# Importing Libraries

In [1]:
#Preprocessing file, most recently used for london data

In [1]:
%matplotlib inline
%load_ext autoreload
%autoreload 2
from basic_imports import *

from download_data import *
from project_specific.philap_helpers import *
from project_specific.daphne_helpers import *
from project_specific.peeps_helpers import *
from math import radians, cos, sin, asin, sqrt
from pixelgrams import *
import folium
import datetime
from constants import *
from load_files import *
from scipy.stats import *
from scipy import spatial
from sklearn.linear_model import LinearRegression
from sklearn.model_selection import train_test_split
from sklearn.metrics import r2_score, mean_squared_error
import statsmodels.api as sm
import numpy as np

In [2]:
def load_mexico_airrespeck_file(filepath, project_name, timestamp_column_name='timestamp'):
    try:
        data = pd.read_csv(filepath, converters={'timestamp': str})
        data['timestamp'] = pd.to_datetime(data[timestamp_column_name]).dt.tz_convert(
            project_mapping[project_name][1])
        data = data.set_index('timestamp')
        data['timestamp'] = data.index
        data = data.replace('None', np.nan)
        return data
    except EmptyDataError:
        print("Skipped file because it is empty")
        return
    except IOError:
        print("Skipped file because it doesn't exist")
        return

# File loading Functions

In [3]:
def load_mexico_static_airspeck_file(sid_or_uuid, project_name=None, sensor_label=None, suffix_filename="",
                              upload_type='automatic',
                              subject_visit_number=None, calibrate_pm=False, calibrate_ox=False, calibrate_no2=False,
                              use_all_features_for_pm_calibration=False,
                              use_all_features_for_gas_calibration=True,
                              return_calibration_flag=False, calibration_id=None, filename=None,
                              country_name=None):
    assert upload_type in ['automatic', 'sd_card'], "upload_type has to be either 'automatic' or 'sd_card'"

    if project_name is None and len(sid_or_uuid) == 6:
        project_name = get_project_for_subject(sid_or_uuid)

    if sensor_label is None:
        if subject_visit_number is None:
            sensor_label = "{}".format(sid_or_uuid)
        else:
            sensor_label = "{}({})".format(sid_or_uuid, subject_visit_number)

    if filename is None:
        filename = "{}_calibrated.csv".format(sensor_label, suffix_filename)

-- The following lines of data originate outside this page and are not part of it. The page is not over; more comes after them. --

lemma block_op_mult:
  fixes M :: "(bool ^ 'n::finite) set"
  defines "m \<equiv> of_nat (card M)" and "k \<equiv> of_nat (card (- M))"
  shows "block_op M \<alpha> \<beta> \<gamma> \<delta> \<epsilon> ** block_op M \<alpha>' \<beta>' \<gamma>' \<delta>' \<epsilon>' =
    block_op M (m * \<alpha> * \<alpha>' + k * \<gamma> * \<delta>' + \<alpha> * \<epsilon>' + \<epsilon> * \<alpha>')
               (m * \<delta> * \<gamma>' + k * \<beta> * \<beta>')
               (m * \<alpha> * \<gamma>' + k * \<gamma> * \<beta>' + \<epsilon> * \<gamma>')
               (m * \<delta> * \<alpha>' + k * \<beta> * \<delta>' + \<delta> * \<epsilon>')
               (\<epsilon> * \<epsilon>')"
    (is "?A ** ?B = ?C")
proof -
  have "(?A ** ?B) $ z $ w = ?C $ z $ w" for z w
  proof -
    have "(?A ** ?B) $ z $ w = (\<Sum>y\<in>M. ?A $ z $ y * ?B $ y $ w) + (\<Sum>y\<in>-M. ?A $ z $ y * ?B $ y $ w)"
      using sum.subset_diff[of M UNIV] by (simp add: matrix_matrix_mult_def Compl_eq_Diff_UNIV add.commute)
    also have "(\<Sum>y\<in>M. ?A $ z $ y * ?B $ y $ w) =
      (\<Sum>y\<in>M. ((if z \<in> M then \<alpha> else \<delta>) + (if z = y then \<epsilon> else 0))
             * ((if w \<in> M then \<alpha>' else \<gamma>') + (if y = w then \<epsilon>' else 0)))"
      by (rule sum.cong) (auto simp: block_op_def)
    also have "(\<Sum>y\<in>-M. ?A $ z $ y * ?B $ y $ w) =
      (\<Sum>y\<in>-M. (if z \<in> M then \<gamma> else \<beta>) * (if w \<in> M then \<delta>' else \<beta>'))"
      by (rule sum.cong) (auto simp: block_op_def)
    finally show ?thesis
      unfolding sum_const_plus_delta_mult[OF finite] sum_constant
      by (cases "z \<in> M"; cases "w \<in> M"; cases "z = w")
        (simp_all add: block_op_def m_def k_def algebra_simps)
  qed
  then show ?thesis by (simp add: vec_eq_iff)
qed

    print("Loading file: {}".format(project_mapping[project_name][2] + filename))
    data = load_mexico_airrespeck_file(project_mapping[project_name][2] + filename, project_name)
    
    #Sdata = filter_out_outliers_gas(data)

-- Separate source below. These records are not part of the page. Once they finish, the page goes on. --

lemma excite_step_top_part_Suc:
  assumes "k < s - i + 1" and "E \<subseteq> lower_region"
  shows "excite_step lam (top_part k \<union> E) (top_part (Suc k) \<union> E)"
proof -
  have k: "k < s" "i \<le> s - k"
    using assms(1) i_pos i_le_s by arith+
  let ?D = "top_part k \<union> E"
  have "(1, s - k) \<notin> E"
    using assms(2) by (auto simp: lower_region_def)
  then have D': "insert (1 + 1, s - k + 1) (?D - {(1, s - k)}) = top_part (Suc k) \<union> E"
    using top_part_Suc[OF k(1)] by auto
  have "excite_step lam ?D (insert (1 + 1, s - k + 1) (?D - {(1, s - k)}))"
    using k assms(2) second_row_cell[of "s - k + 1"]
    by (intro excite_stepI) (auto simp: top_part_def lower_region_def)
  then show ?thesis
    by (simp only: D')
qed

lemma excite_step_top_part_lift:
  assumes "k \<le> s - i + 1" and "E \<subseteq> lower_region" and "excite_step lam E E'"
  shows "excite_step lam (top_part k \<union> E) (top_part k \<union> E')"
proof -
  obtain a b where ab: "(a, b) \<in> E" "(a + 1, b + 1) \<in> diagram lam"
    "(a, b + 1) \<notin> E" "(a + 1, b) \<notin> E" "(a + 1, b + 1) \<notin> E"
    and E': "E' = insert (a + 1, b + 1) (E - {(a, b)})"
    using assms(3) by (rule excite_stepE)
  have "(a, b) \<notin> top_part k"
    using top_part_disjoint[OF assms(1)] assms(2) ab(1) by blast
  moreover have "(a, b + 1) \<notin> top_part k" "(a + 1, b) \<notin> top_part k" "(a + 1, b + 1) \<notin> top_part k"
    using ab(1) assms(1,2) i_le_s by (auto simp: top_part_def lower_region_def)
  ultimately show ?thesis
    using excite_stepI[of a b "top_part k \<union> E"] ab E' by (simp add: insert_Diff_if Un_Diff)
qed

text \<open>A row-2 cell of \<open>top_part k\<close> cannot move, as there is no row-3 cell to its lower right.\<close>
lemma excite_step_from_top_part:
  assumes "k \<le> s - i + 1" and "E \<subseteq> lower_region" and "excite_step lam (top_part k \<union> E) D'"
  shows "(\<exists>E'. excite_step lam E E' \<and> D' = top_part k \<union> E') \<or> (k < s \<and> D' = top_part (Suc k) \<union> E)"
proof -
  let ?D = "top_part k \<union> E"
  obtain a b where ab: "(a, b) \<in> ?D" "(a + 1, b + 1) \<in> diagram lam"
    "(a, b + 1) \<notin> ?D" "(a + 1, b) \<notin> ?D" "(a + 1, b + 1) \<notin> ?D"
    and D': "D' = insert (a + 1, b + 1) (?D - {(a, b)})"
    using assms(3) by (rule excite_stepE)
  consider (lower) "(a, b) \<in> E" | (row1) "a = 1" "(a, b) \<in> top_part k"
    | (row2) "a = 2" "(a, b) \<in> top_part k"
    using ab(1) unfolding top_part_def by blast
  then show ?thesis
  proof cases
    case lower
    let ?E' = "insert (a + 1, b + 1) (E - {(a, b)})"
    have "excite_step lam E ?E'"
      using ab lower by (intro excite_stepI) auto
    moreover have "D' = top_part k \<union> ?E'"
      using D' lower top_part_disjoint[OF assms(1)] assms(2) by blast
    ultimately show ?thesis
      by blast
  next
    case row1
    then have b: "b = s - k" "k < s"
      using ab(3) by (auto simp: top_part_def)
    have "(1, s - k) \<notin> E"
      using assms(2) by (auto simp: lower_region_def)
    then have "D' = top_part (Suc k) \<union> E"
      using D' row1 b top_part_Suc[OF b(2)] by auto
    with b show ?thesis
      by blast
  next
    case row2
    then have "i < b + 1"
      using assms(1) i_le_s by (auto simp: top_part_def)
    moreover have "b + 1 \<le> i"
      using lower_cell_column[OF ab(2)] row2 by simp
    ultimately have False
      by simp
    then show ?thesis ..
  qed
qed

lemma excited_decompose:
  assumes "D \<in> excited lam mu" and "i - 1 \<le> card {c \<in> D. fst c = 1}"
  shows "\<exists>k E. k \<le> s - i + 1 \<and> E \<in> lower_excited \<and> D = top_part k \<union> E"
  using assms unfolding excited_def mem_Collect_eq
proof (induction rule: rtranclp_induct)
  case base
  show ?case
    using diagram_mu_split by (intro exI[of _ 0] exI[of _ lower_mu]) (simp add: lower_excited_def)
next
  case (step D D')
  have "D \<subseteq> diagram lam"
    using step.hyps(1) by (intro excited_subset_diagram[OF diagram_mu_subset]) (simp add: excited_def)
  then have "card {c \<in> D'. fst c = 1} \<le> card {c \<in> D. fst c = 1}"
    using step.hyps(2) by (intro excite_step_first_row_card_le)
  then have "i - 1 \<le> card {c \<in> D. fst c = 1}"
    using step.prems by linarith
  then obtain k E where kE: "k \<le> s - i + 1" "E \<in> lower_excited" "D = top_part k \<union> E"
    using step.IH by blast
  have E: "E \<subseteq> lower_region"
    using kE(2) by (rule lower_excited_subset)
  have "excite_step lam (top_part k \<union> E) D'"
    using step.hyps(2) kE(3) by simp
  with excite_step_from_top_part[OF kE(1) E]
  consider (lower) E' where "excite_step lam E E'" "D' = top_part k \<union> E'"
    | (top) "k < s" "D' = top_part (Suc k) \<union> E"
    by blast
  then show ?case
  proof cases
    case lower
    then have "E' \<in> lower_excited"
      using kE(2) unfolding lower_excited_def by (auto intro: rtranclp.rtrancl_into_rtrancl)
    then show ?thesis
      using lower kE(1) by blast
  next
    case top
    then have "card {c \<in> D'. fst c = 1} = s - Suc k"
      using card_first_row_top_part[OF E] by simp
    then have "Suc k \<le> s - i + 1"
      using step.prems top(1) i_pos by linarith
    then show ?thesis
      using top kE(2) by blast
  qed
qed

lemma top_part_excited:
  assumes "k \<le> s - i + 1" and "E \<in> lower_excited"
  shows "top_part k \<union> E \<in> excited lam mu"
proof -
  have "(excite_step lam)\<^sup>*\<^sup>* (diagram mu) (top_part k \<union> lower_mu)"
    using assms(1)
  proof (induction k)
    case 0
    show ?case
      using diagram_mu_split by simp
  next
    case (Suc k)
    then have "(excite_step lam)\<^sup>*\<^sup>* (diagram mu) (top_part k \<union> lower_mu)"
      by simp
    moreover have "excite_step lam (top_part k \<union> lower_mu) (top_part (Suc k) \<union> lower_mu)"
      using Suc.prems by (intro excite_step_top_part_Suc lower_mu_subset) simp
    ultimately show ?case
      by (rule rtranclp.rtrancl_into_rtrancl)
  qed
  moreover have "(excite_step lam)\<^sup>*\<^sup>* (top_part k \<union> lower_mu) (top_part k \<union> E)"
    using assms(2) unfolding lower_excited_def mem_Collect_eq
  proof (induction rule: rtranclp_induct)
    case (step E E')
    have "E \<subseteq> lower_region"
      using step.hyps(1) by (intro lower_excited_subset) (simp add: lower_excited_def)
    then have "excite_step lam (top_part k \<union> E) (top_part k \<union> E')"
      using assms(1) step.hyps(2) by (intro excite_step_top_part_lift)
    with step.IH show ?case
      by (rule rtranclp.rtrancl_into_rtrancl)
  qed simp
  ultimately show ?thesis
    unfolding excited_def mem_Collect_eq by (rule rtranclp_trans)
qed

lemma excited_first_row_card_eq:
  assumes "j \<le> s - i + 1"
  shows "{D \<in> excited lam mu. card {c \<in> D. fst c = 1} = s - j} = (\<lambda>E. top_part j \<union> E) ` lower_excited"
proof (intro equalityI subsetI)
  fix D assume "D \<in> {D \<in> excited lam mu. card {c \<in> D. fst c = 1} = s - j}"
  then have D: "D \<in> excited lam mu" "card {c \<in> D. fst c = 1} = s - j"
    by simp_all
  then have "i - 1 \<le> card {c \<in> D. fst c = 1}"
    using assms i_le_s by linarith
  then obtain k E where kE: "k \<le> s - i + 1" "E \<in> lower_excited" "D = top_part k \<union> E"
    using excited_decompose[OF D(1)] by blast
  then have "s - k = s - j"
    using D(2) card_first_row_top_part[OF lower_excited_subset[OF kE(2)]] by simp
  then have "k = j"
    using kE(1) assms i_pos i_le_s by linarith
  then show "D \<in> (\<lambda>E. top_part j \<union> E) ` lower_excited"
    using kE by blast
next
  fix D assume "D \<in> (\<lambda>E. top_part j \<union> E) ` lower_excited"
  then obtain E where E: "E \<in> lower_excited" "D = top_part j \<union> E"
    by blast
  then have "D \<in> excited lam mu" and "card {c \<in> D. fst c = 1} = s - j"
    using top_part_excited[OF assms] card_first_row_top_part[OF lower_excited_subset] by simp_all
  then show "D \<in> {D \<in> excited lam mu. card {c \<in> D. fst c = 1} = s - j}"
    by simp
qed

lemma hook_second_row:
  assumes "i < c" and "c \<le> s + 1"
  shows "hook lam (2, c) = s + 2 - c"
proof -
  have column: "a = 2" if "(a, c) \<in> diagram lam" and "2 \<le> a" for a
  proof (rule ccontr)
    assume "a \<noteq> 2"
    then have "c \<le> i"
      using lower_cell_column[OF that(1)] that(2) by simp
    then show False
      using assms(1) by simp
  qed
  have "{(a, b) \<in> diagram lam. (a = 2 \<and> c \<le> b) \<or> (b = c \<and> 2 \<le> a)} = {2} \<times> {c..s + 1}"
    using column assms by (auto simp: second_row_cell simp del: mem_diagram_iff)
  then show ?thesis
    unfolding hook_def by (simp add: card_cartesian_product)
qed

    if calibrate_pm or calibrate_ox or calibrate_no2:
        result_date, was_calibrated_pm, was_calibrated_no2, was_calibrated_ox,  data = calibrate_airspeck(
            sid_or_uuid, data, calibrate_pm=calibrate_pm, calibrate_no2=calibrate_no2, 
            calibrate_ox=calibrate_ox,project_name=project_name, calibration_id=calibration_id,
            use_all_features_pm=use_all_features_for_pm_calibration,
            use_all_features_gas=use_all_features_for_gas_calibration, country_name=country_name)

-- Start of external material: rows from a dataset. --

lemma rstep_simulation:
  "rstep t u \<Longrightarrow> app_cterm t \<Longrightarrow> app_cterm u \<and> beta_v (dec t) (dec u)"
proof (induction rule: rstep.induct)
  case (rule vs x M v)
  let ?xs = "fv_list (Lam x M)"
  have "app_cterm (rsubst ((list_subst ?xs vs RVar)(x := v)) (enc M))"
  proof (rule app_cterm_rsubst_enc, intro ballI)
    fix z assume z: "z \<in> fvs M"
    show "is_cterm (((list_subst ?xs vs RVar)(x := v)) z)"
    proof (cases "z = x")
      case False
      then have "length ?xs = length vs" and "z \<in> set ?xs"
        using rule z by (simp_all add: set_fv_list)
      then show ?thesis
        using False rule list_subst_in_set(1)[of ?xs vs z RVar] by auto
    qed (use rule in simp)
  qed
  moreover have "beta_v (dec (App (Con x M vs) v))
      (subst1 (lsubst ((list_subst ?xs (map dec vs) Var)(x := Var x)) M) x (dec v))"
    using beta_v.beta[OF is_value_dec_cterm[OF rule(3)]] by simp
  ultimately show ?case
    using dec_rule_instance[OF rule(1-3)] by simp
next
  case (ctxC t t' x M ss us)
  then show ?case
    using is_cterm_rnf[of t] by (auto simp: rnf_def)
qed (auto intro: beta_v.appL beta_v.appR)

lemma beta_v_simulation:
  "app_cterm t \<Longrightarrow> beta_v (dec t) N \<Longrightarrow> \<exists>u. rstep t u \<and> dec u = N"
proof (induction t arbitrary: N)
  case (Con x M ts)
  then show ?case by (auto elim: beta_v.cases)
next
  case (App t1 t2)
  from App.prems(2) show ?case
  proof (cases rule: beta_v.cases)
    case (beta V y P)
    then obtain x M vs where t1: "t1 = Con x M vs"
      using App.prems(1) by (cases t1) auto
    have "is_cterm t2"
      using App.prems(1) beta by (cases t2) auto
    moreover have "length vs = length (fv_list (Lam x M))" and "\<forall>s\<in>set vs. is_cterm s"
      using App.prems(1) t1 by auto
    ultimately show ?thesis
      using beta t1 dec_rule_instance rstep.rule by fastforce
  next
    case (appL A B)
    then obtain u where "rstep t1 u" and "dec u = B"
      using App by auto
    then show ?thesis
      using appL by (auto intro: rstep.ctxL)
  next
    case (appR A B)
    then obtain u where "rstep t2 u" and "dec u = B"
      using App by auto
    then show ?thesis
      using appR by (auto intro: rstep.ctxR)
  qed
qed simp

lemma rnf_iff_lnf_dec: "app_cterm t \<Longrightarrow> rnf t \<longleftrightarrow> lnf (dec t)"
  unfolding rnf_def lnf_def using rstep_simulation beta_v_simulation by blast

lemma relpowp_invariant:
  assumes "(R ^^ n) t u" and "P t" and "\<And>t u. R t u \<Longrightarrow> P t \<Longrightarrow> P u"
  shows "P u"
  using assms(1,2)
proof (induction n arbitrary: u)
  case (Suc n)
  then show ?case
    using assms(3) by auto
qed simp

lemma relpowp_bisimulation:
  assumes forward: "\<And>t u. R t u \<Longrightarrow> P t \<Longrightarrow> P u \<and> S (f t) (f u)"
    and backward: "\<And>t y. P t \<Longrightarrow> S (f t) y \<Longrightarrow> \<exists>u. R t u \<and> f u = y"
    and "P t"
  shows "(S ^^ n) (f t) y \<longleftrightarrow> (\<exists>u. (R ^^ n) t u \<and> f u = y)"
  using \<open>P t\<close>
proof (induction n arbitrary: t)
  case (Suc n)
  show ?case
  proof
    assume "(S ^^ Suc n) (f t) y"
    then obtain z where "S (f t) z" and "(S ^^ n) z y"
      using relpowp_Suc_D2 by metis
    moreover obtain u where "R t u" and "f u = z"
      using backward[OF Suc.prems \<open>S (f t) z\<close>] by blast
    ultimately show "\<exists>w. (R ^^ Suc n) t w \<and> f w = y"
      using Suc.IH forward[OF _ Suc.prems] relpowp_Suc_I2 by metis
  next
    assume "\<exists>w. (R ^^ Suc n) t w \<and> f w = y"
    then obtain u w where "R t u" and "(R ^^ n) u w" and "f w = y"
      using relpowp_Suc_D2 by metis
    then show "(S ^^ Suc n) (f t) y"
      using Suc.IH forward[OF _ Suc.prems] relpowp_Suc_I2 by metis
  qed
qed auto

theorem theorem1:
  fixes M N :: lterm and n :: nat
  assumes "closed M"
  shows "((beta_v ^^ n) M N \<and> lnf N) \<longleftrightarrow>
         (\<exists>t. wf_rterm t \<and> (rstep ^^ n) (enc M) t \<and> rnf t \<and> dec t = N)"
proof -
  have start: "app_cterm (enc M)"
    using assms by (rule app_cterm_enc)
  then have reachable: "app_cterm t" if "(rstep ^^ n) (enc M) t" for t
    using that rstep_simulation by (blast intro: relpowp_invariant)
  have "(beta_v ^^ n) M N \<longleftrightarrow> (\<exists>t. (rstep ^^ n) (enc M) t \<and> dec t = N)"
    using relpowp_bisimulation[where P = app_cterm and f = dec and R = rstep and S = beta_v,
        OF rstep_simulation beta_v_simulation start]
    by (simp add: dec_enc)
  then show ?thesis
    using reachable rnf_iff_lnf_dec app_cterm_wf_rterm by blast
qed

end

        if return_calibration_flag:
            return result_date, was_calibrated_pm,  was_calibrated_no2, was_calibrated_ox, data

    return data

In [4]:
mypath = '/Users/azamkhan/speckled/london/static_data'

In [5]:
from os import listdir
from os.path import isfile, join
onlyfiles = [f for f in listdir(mypath) if isfile(join(mypath, f))]

In [6]:
onlyfiles

['90E275086B4D99A3_calibrated.csv',
 '.DS_Store',
 'INX021_airspeckP_calibrated.csv',
 'D849BF7848210A4A_calibrated.csv',
 'E7C0CD8112BA98D7_calibrated.csv',
 '905801CA0E1F1D11_calibrated.csv']

In [7]:
files = ["90E275086B4D99A3", "E7C0CD8112BA98D7", "905801CA0E1F1D11", "D849BF7848210A4A"]

# Loading Static Files

In [8]:
CALIBRATE = False

#leon_logs = load_mexico_participant_details()
london_static_airspeck = pd.DataFrame()

for f in files:
    uuid = f  
  
    
    frame = load_mexico_static_airspeck_file(uuid, project_name="inhale", suffix_filename="",
                              upload_type='automatic',
                                calibrate_pm=CALIBRATE, calibrate_ox=CALIBRATE, calibrate_no2=CALIBRATE,
                              use_all_features_for_pm_calibration=False,
                              use_all_features_for_gas_calibration=True,
                              return_calibration_flag=False, calibration_id=None, country_name="London")
    
    if frame is not None:
        frame['UUID'] = uuid
    london_static_airspeck = london_static_airspeck.append(frame)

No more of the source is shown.